Shelly had spent years inventing devices to improve the dental health of the world while, on a personal one-on-one level, he did his best to undermine the mouths of those who mistakenly let themselves be drawn into his chair. One of Shelly’s inventions had actually paid off. He had sold it to a medical products manufacturer in Iowa or Nebraska. He wasn’t quite rich, but he was close to it. I had tried to persuade him to retire and devote himself to inventing. I had failed and, in so doing, doomed who knows how many innocent and guilty mouths.

“I can’t abandon my patients,” he had explained. “They count on me. They trust me. My skills are legendary. You know that, Toby.”

He was right, but the legend was Sleepy Hollow.

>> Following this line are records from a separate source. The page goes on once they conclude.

lemma antimono_on_if_DERIV_within_nonpos:
  fixes f :: "real \<Rightarrow> real"
  assumes deriv: "\<And>x. c \<le> x \<Longrightarrow> (f has_real_derivative f' x) (at x within {c..}) \<and> f' x \<le> 0"
  shows "antimono_on {c..} f"
proof (rule monotone_onI)
  fix x y assume x: "x \<in> {c..}" and "y \<in> {c..}" and "x \<le> y"
  have "continuous_on {c..} f"
    using deriv by (intro continuous_on_if_DERIV_within_atLeast[where f' = f']) simp
  then have cont: "continuous_on {x..y} f"
    by (rule continuous_on_subset) (use x in auto)
  have nonpos: "\<exists>D. (f has_real_derivative D) (at z) \<and> D \<le> 0" if "x < z" "z < y" for z
  proof -
    from x that have "c < z" by simp
    with deriv[of z] have d: "(f has_real_derivative f' z) (at z within {c..})" and "f' z \<le> 0"
      by auto
    then show ?thesis using DERIV_at_if_DERIV_within_atLeast[OF d \<open>c < z\<close>] by blast
  qed
  show "f y \<le> f x"
    by (rule DERIV_nonpos_imp_decreasing_open[OF \<open>x \<le> y\<close> nonpos cont])
qed

lemma assumptionA_pos:
  assumes "assumptionA a w" and "x \<ge> 0"
  shows "a x > 0" and "w x > 0"
  using assms unfolding assumptionA_def by blast+

lemma assumptionA_monotone:
  assumes "assumptionA a w"
  shows "strict_mono_on {0..} a" and "antimono_on {0..} w"
proof -
  from assms obtain a' w' where deriv: "\<And>x. 0 \<le> x \<Longrightarrow>
      (a has_real_derivative a' x) (at x within {0..}) \<and>
      (w has_real_derivative w' x) (at x within {0..}) \<and> 0 < a' x \<and> w' x \<le> 0"
    unfolding assumptionA_def by blast
  show "strict_mono_on {0..} a"
    by (rule strict_mono_on_if_DERIV_within_pos[where f' = a']) (use deriv in blast)
  show "antimono_on {0..} w"
    by (rule antimono_on_if_DERIV_within_nonpos[where f' = w']) (use deriv in blast)
qed

lemma pfun_pos_less_one:
  assumes "a x > 0" and "w x > 0"
  shows "0 < pfun a w x" and "pfun a w x < 1"
  using assms by (auto simp: pfun_def divide_less_eq)

lemma pfun_eq_iff:
  assumes "a x + w x \<noteq> 0"
  shows "pfun a w x = e \<longleftrightarrow> a x - e * (a x + w x) = 0"
  using assms by (auto simp: pfun_def divide_eq_eq)

lemma strict_mono_on_pfun:
  assumes a: "strict_mono_on S a" and w: "antimono_on S w"
    and pos: "\<And>x. x \<in> S \<Longrightarrow> a x > 0 \<and> w x > 0"
  shows "strict_mono_on S (pfun a w)"
proof (rule strict_mono_onI)
  fix x y assume xy: "x \<in> S" "y \<in> S" "x < y"
  have ax: "0 < a x" "0 < w x" and ay: "0 < a y" "0 < w y"
    using pos xy by auto
  have "a x * w y < a y * w y"
    using strict_mono_onD[OF a xy] ay by simp
  also have "\<dots> \<le> a y * w x"
    using monotone_onD[OF w xy(1,2)] xy(3) ay by simp
  finally have "a x * (a y + w y) - a y * (a x + w x) < 0"
    by (simp add: algebra_simps)
  moreover have "0 < (a x + w x) * (a y + w y)"
    using ax ay by simp
  ultimately show "pfun a w x < pfun a w y"
    unfolding pfun_def using ax ay by (simp add: frac_less_eq divide_less_0_iff)
qed

lemma assumptionA_inj_on_pfun:
  assumes "assumptionA a w"
  shows "inj_on (pfun a w) {0..}"
proof -
  have "strict_mono_on {0..} (pfun a w)"
    by (rule strict_mono_on_pfun[OF assumptionA_monotone[OF assms]])
      (simp add: assumptionA_pos[OF assms])
  then show ?thesis
    by (rule strict_mono_on_imp_inj_on)
qed

lemma cfun_pos:
  assumes "p < 1" and "0 \<le> q" and "q \<le> 1"
  shows "0 < cfun p q"
proof (cases "p \<ge> 0")
  case True
  then have "p * (1 - q) \<le> p"
    using assms by (simp add: mult_left_le)
  with assms show ?thesis unfolding cfun_def by linarith
next
  case False
  then have "p * (1 - q) \<le> 0"
    using assms by (intro mult_nonpos_nonneg) auto
  then show ?thesis unfolding cfun_def by linarith
qed

lemma hfun_pos_le_one:
  assumes "p < 1" and "0 \<le> q" and "q \<le> 1" and "0 \<le> l"
  shows "0 < hfun l p q" and "hfun l p q \<le> 1"
  using cfun_pos[OF assms(1-3)] assms(4) by (auto simp: hfun_def)

text \<open>Solving c(p,q)/(c(p,q) + l) = 1/R for p: this is where the threshold eta comes from.\<close>

lemma hfun_eq_inverse_iff:
  fixes R p q l :: real
  assumes R: "1 < R" and q: "q < 1" and c: "0 < cfun p q" and l: "0 \<le> l"
  shows "hfun l p q = 1 / R \<longleftrightarrow> p = (R - (1 + l)) / (R - 1) * (1 / (1 - q))"
proof -
  have "hfun l p q = 1 / R \<longleftrightarrow> cfun p q * (R - 1) = l"
    unfolding hfun_def using c l R by (auto simp: field_simps)
  also have "\<dots> \<longleftrightarrow> p * (1 - q) * (R - 1) = R - (1 + l)"
    unfolding cfun_def by (auto simp: algebra_simps)
  also have "\<dots> \<longleftrightarrow> p = (R - (1 + l)) / ((1 - q) * (R - 1))"
    using R q by (simp add: eq_divide_eq mult.assoc)
  also have "\<dots> \<longleftrightarrow> p = (R - (1 + l)) / (R - 1) * (1 / (1 - q))"
    by (simp add: ac_simps)
  finally show ?thesis .
qed

lemma threshold_in_unit_interval_imp_bounds:
  fixes R q l :: real
  defines "eta \<equiv> (R - (1 + l)) / (R - 1) * (1 / (1 - q))"
  assumes R: "1 < R" and q: "0 \<le> q" "q < 1" and eta: "0 < eta" "eta < 1"
  shows "1 + l < R \<and> (q = 0 \<or> R < 1 + l / q)"
proof -
  have eta_eq: "(R - (1 + l)) / (R - 1) = eta * (1 - q)"
    unfolding eta_def using q by simp
  have "0 < (R - (1 + l)) / (R - 1)"
    unfolding eta_eq using eta q by simp
  then have lower: "1 + l < R"
    using R by (simp add: zero_less_divide_iff)
  have "(R - (1 + l)) / (R - 1) < 1 - q"
    unfolding eta_eq using eta q by simp
  then have "q * (R - 1) < l"
    using R by (simp add: field_simps)
  then have "q = 0 \<or> R < 1 + l / q"
    using q R by (cases "q = 0") (auto simp: field_simps)
  with lower show ?thesis by blast
qed

lemma Re_hat_pos:
  assumes "bHM > 0" "bMH > 0" "rho > 0" "gamma > 0" "mu > 0" "SH > 0"
  shows "Re_hat bHM bMH gamma mu rho SH > 0"
  using assms by (simp add: Re_hat_def)

lemma Re_hat_squared:
  assumes "bHM > 0" "bMH > 0" "rho > 0" "gamma > 0" "mu > 0" "SH > 0"
  shows "(Re_hat bHM bMH gamma mu rho SH)\<^sup>2 = bHM * bMH / (gamma * mu) * rho * SH"
  using assms by (simp add: Re_hat_def)

text \<open>The I_H-equation of (O) after substituting I_M from the I_M-equation.\<close>

lemma host_balance_iff_Re_hat_mult_eq_one:
  assumes par: "bHM > 0" "bMH > 0" "rho > 0" "gamma > 0" "mu > 0" "SH > 0"
    and "IH > 0" and "h > 0"
  shows "bHM * rho * (bMH / mu * h * IH) * h * SH = gamma * IH
    \<longleftrightarrow> Re_hat bHM bMH gamma mu rho SH * h = 1"
proof -
  let ?R = "Re_hat bHM bMH gamma mu rho SH"
  define K where "K = bHM * bMH / (gamma * mu) * rho * SH"
  have balance: "bHM * rho * (bMH / mu * h * IH) * h * SH = (h * h * K) * (gamma * IH)"
    using assms unfolding K_def by (simp add: field_simps)
  have "bHM * rho * (bMH / mu * h * IH) * h * SH = gamma * IH
      \<longleftrightarrow> (h * h * K) * (gamma * IH) = 1 * (gamma * IH)"
    by (simp only: balance mult_1_left)
  also have "\<dots> \<longleftrightarrow> h * h * K = 1"
    using assms by (subst mult_cancel_right) simp
  also have "\<dots> \<longleftrightarrow> (?R * h)\<^sup>2 = 1"
    unfolding K_def Re_hat_squared[OF par, symmetric] by (simp add: power2_eq_square mult_ac)
  also have "\<dots> \<longleftrightarrow> ?R * h = 1"
    using mult_pos_pos[OF Re_hat_pos[OF par] \<open>h > 0\<close>] by (auto simp: power2_eq_1_iff)
  finally show ?thesis .
qed

lemma is_equilibrium_O_delay_chain:
  assumes "is_equilibrium_O a w n k q l SH bHM bMH rho gamma mu IH IM Z" and "k \<noteq> 0"
  shows "\<forall>i\<in>{1..n}. Z i = IH"
proof
  have first: "Z 1 = IH" and link: "\<And>i. i \<in> {2..n} \<Longrightarrow> Z (i - 1) = Z i"
    using assms unfolding is_equilibrium_O_def by auto
  fix i assume "i \<in> {1..n}"
  then have "1 \<le> i" "i \<le> n" by auto
  then show "Z i = IH"
  proof (induction i rule: dec_induct)
    case base
    show ?case using first .
  next
    case (step m)
    then show ?case using link[of "Suc m"] by simp
  qed
qed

“I’m interrupting?” Shelly asked, looking at Blackstone.

“Yes,” said Phil.

“Just take a minute,” Shelly said, moving forward, adjusting his glasses on his nose before they slipped off.

“Shelly,” I tried.

He held up a hand and said, “Grieg.”

“Grieg?” said Phil, turning his body in his chair to look at the dentist.

“Edvard, the composer,” said Shelly.

“You’ve got Grieg in your office?” I asked.

“No, no,” Shelly said, sitting down uninvited and glancing at Blackstone.

It was clear Shelly was trying to place the magician. I prayed to whatever gods might be that recognition didn’t come.

“I think Grieg is dead,” said Shelly. “Good point though. I’ll check. Maybe we can go into partnership. Toby, like all great discoveries, the telephone, penicillin, liverwurst, it came to me by accident. Had the radio on. That guy who plays the piano in the afternoon. Had Mrs. Westermanchen in the chair. She just closed her eyes. Music played.”

“Grieg,” said Blackstone, intrigued by this rotund vision.

“Yep,” said Shelly, pointing at Blackstone. “Worked on her cavity. Molar. Deep. Not a peep. Not a scream.”

Patients, except for the most stoic and those who enjoyed pain, frequently screamed under Shelly’s care.

“Tried it again with three other patients,” he said. “Worked. Grieg knocks them out. There’s a fortune here somewhere and a medical breakthrough and … the possibilities are goddamn staggering and.…”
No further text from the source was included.